The Milwaukee Journal-Sentinel quoted sources as saying Kedzie was resigning so he could take a job as president of the Motor Carriers Association. The group’s president is retiring in August. A resignation would be required as public officials aren’t allowed to accept lobbying jobs while still holding office.

The decision means there will be no representation for the 11th senate district until a new legislator is elected in January, though Kedzie said that constituent help would still be available through his office.

Rep. Steve Nass (R-Whitewater) and Walworth County Board Supervisor Dan Kilkenny, a Democrat, have announced they’re running to replace Kedzie.

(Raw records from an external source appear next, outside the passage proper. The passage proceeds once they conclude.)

text \<open>
  Let \<open>S \<subseteq> {1..n}\<close> be a \<open>B\<^sup>*[g]\<close> set with \<open>k\<close> elements and let \<open>A\<close> be the union of the
  cells \<open>[(s-1)/n, s/n)\<close>, \<open>s \<in> S\<close>, a subset of \<open>[0,1)\<close> of measure \<open>k/n\<close>.  A subset of \<open>A\<close>
  symmetric about \<open>c\<close> lies in \<open>A \<inter> (2c - A)\<close>, which is covered by the overlaps of the cell
  of \<open>s\<close> with the mirrored cell of \<open>t\<close>, for \<open>s, t \<in> S\<close>.  Such an overlap has measure
  \<open>max 0 (1 - |s + t - 2cn - 1|) / n\<close>, a tent function of \<open>s + t\<close>; as every sum is realised by at
  most \<open>g\<close> pairs, the overlaps add up to at most \<open>g/n\<close>.  Hence
  \<open>\<delta> (k/n)\<^sup>2 \<le> \<Delta>(k/n) \<le> D(A) \<le> g/n\<close>, i.e. \<open>\<delta> k\<^sup>2 \<le> gn\<close>.  The case \<open>k = n\<close>, where \<open>k/n = 1\<close> lies outside
  the infimum, forces \<open>g = n\<close> and is covered by \<open>\<delta> \<le> 1\<close>, which follows from \<open>\<Delta>(\<epsilon>) \<le> \<epsilon>\<close>.
\<close>

lemma sum_tent_le_fibre_bound:
  fixes P :: "'a set" and h :: "'a \<Rightarrow> int" and u :: real
  assumes "finite P" and fibre: "\<And>m. card {p\<in>P. h p = m} \<le> g"
  shows "(\<Sum>p\<in>P. max 0 (1 - \<bar>of_int (h p) - u\<bar>)) \<le> g"
proof -
  define m where "m = \<lfloor>u\<rfloor>"
  define \<theta> where "\<theta> = u - of_int m"
  have m: "of_int m \<le> u" "u < of_int m + 1"
    unfolding m_def by linarith+
  \<comment> \<open>Only the integers \<open>m\<close> and \<open>m + 1\<close> lie closer than 1 to \<open>u\<close>.\<close>
  have tent: "max 0 (1 - \<bar>of_int (h p) - u\<bar>)
      \<le> (if h p = m then 1 - \<theta> else 0) + (if h p = m + 1 then \<theta> else 0)" for p
  proof -
    consider "h p \<le> m - 1" | "h p = m" | "h p = m + 1" | "m + 2 \<le> h p"
      by linarith
    then show ?thesis
    proof cases
      case 1
      then have "of_int (h p) \<le> u - 1"
        using m by linarith
      with 1 show ?thesis by auto
    next
      case 4
      then have "u + 1 \<le> of_int (h p)"
        using m by linarith
      with 4 show ?thesis by auto
    qed (use m in \<open>auto simp: \<theta>_def\<close>)
  qed
  have "(\<Sum>p\<in>P. max 0 (1 - \<bar>of_int (h p) - u\<bar>))
      \<le> (\<Sum>p\<in>P. (if h p = m then 1 - \<theta> else 0) + (if h p = m + 1 then \<theta> else 0))"
    by (intro sum_mono tent)
  also have "\<dots> = card {p\<in>P. h p = m} * (1 - \<theta>) + card {p\<in>P. h p = m + 1} * \<theta>"
    by (simp add: sum.distrib sum.inter_filter[OF \<open>finite P\<close>, symmetric])
  also have "\<dots> \<le> g * (1 - \<theta>) + g * \<theta>"
    using fibre[of m] fibre[of "m + 1"] m by (intro add_mono mult_right_mono) (auto simp: \<theta>_def)
  finally show ?thesis
    by (simp add: algebra_simps)
qed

The district includes most of Walworth County and portions of Rock, Jefferson, Waukesha and Kenosha counties.

Kedzie has represented the district since 2002. Prior to that he was in the Assembly, first being elected to that post in 1996.

When he announced his pending resignation he told the Regional News that being a Senator was a 24/7 job and that made it difficult to have a personal life.

Kedzie said plans for his re-election were just under way, when he and his wife “had a heart to heart,” he said.

“We discussed the prospects of another campaign and more months on the road,” Kedzie said. “So the first step was to discontinue the campaign.”

“We’re empty nesters now,” he added. “And have more freedom of movement than we had before.

At the time, Kedzie said he was pursuing other ways to make a living outside of legislating.

Asked about the polarization in legislating these days, Kedzie acknowledged he was old school “when compromise wasn’t a dirty word.”

“I can leave this job and continue to call members on both sides of the aisle friends,” he said.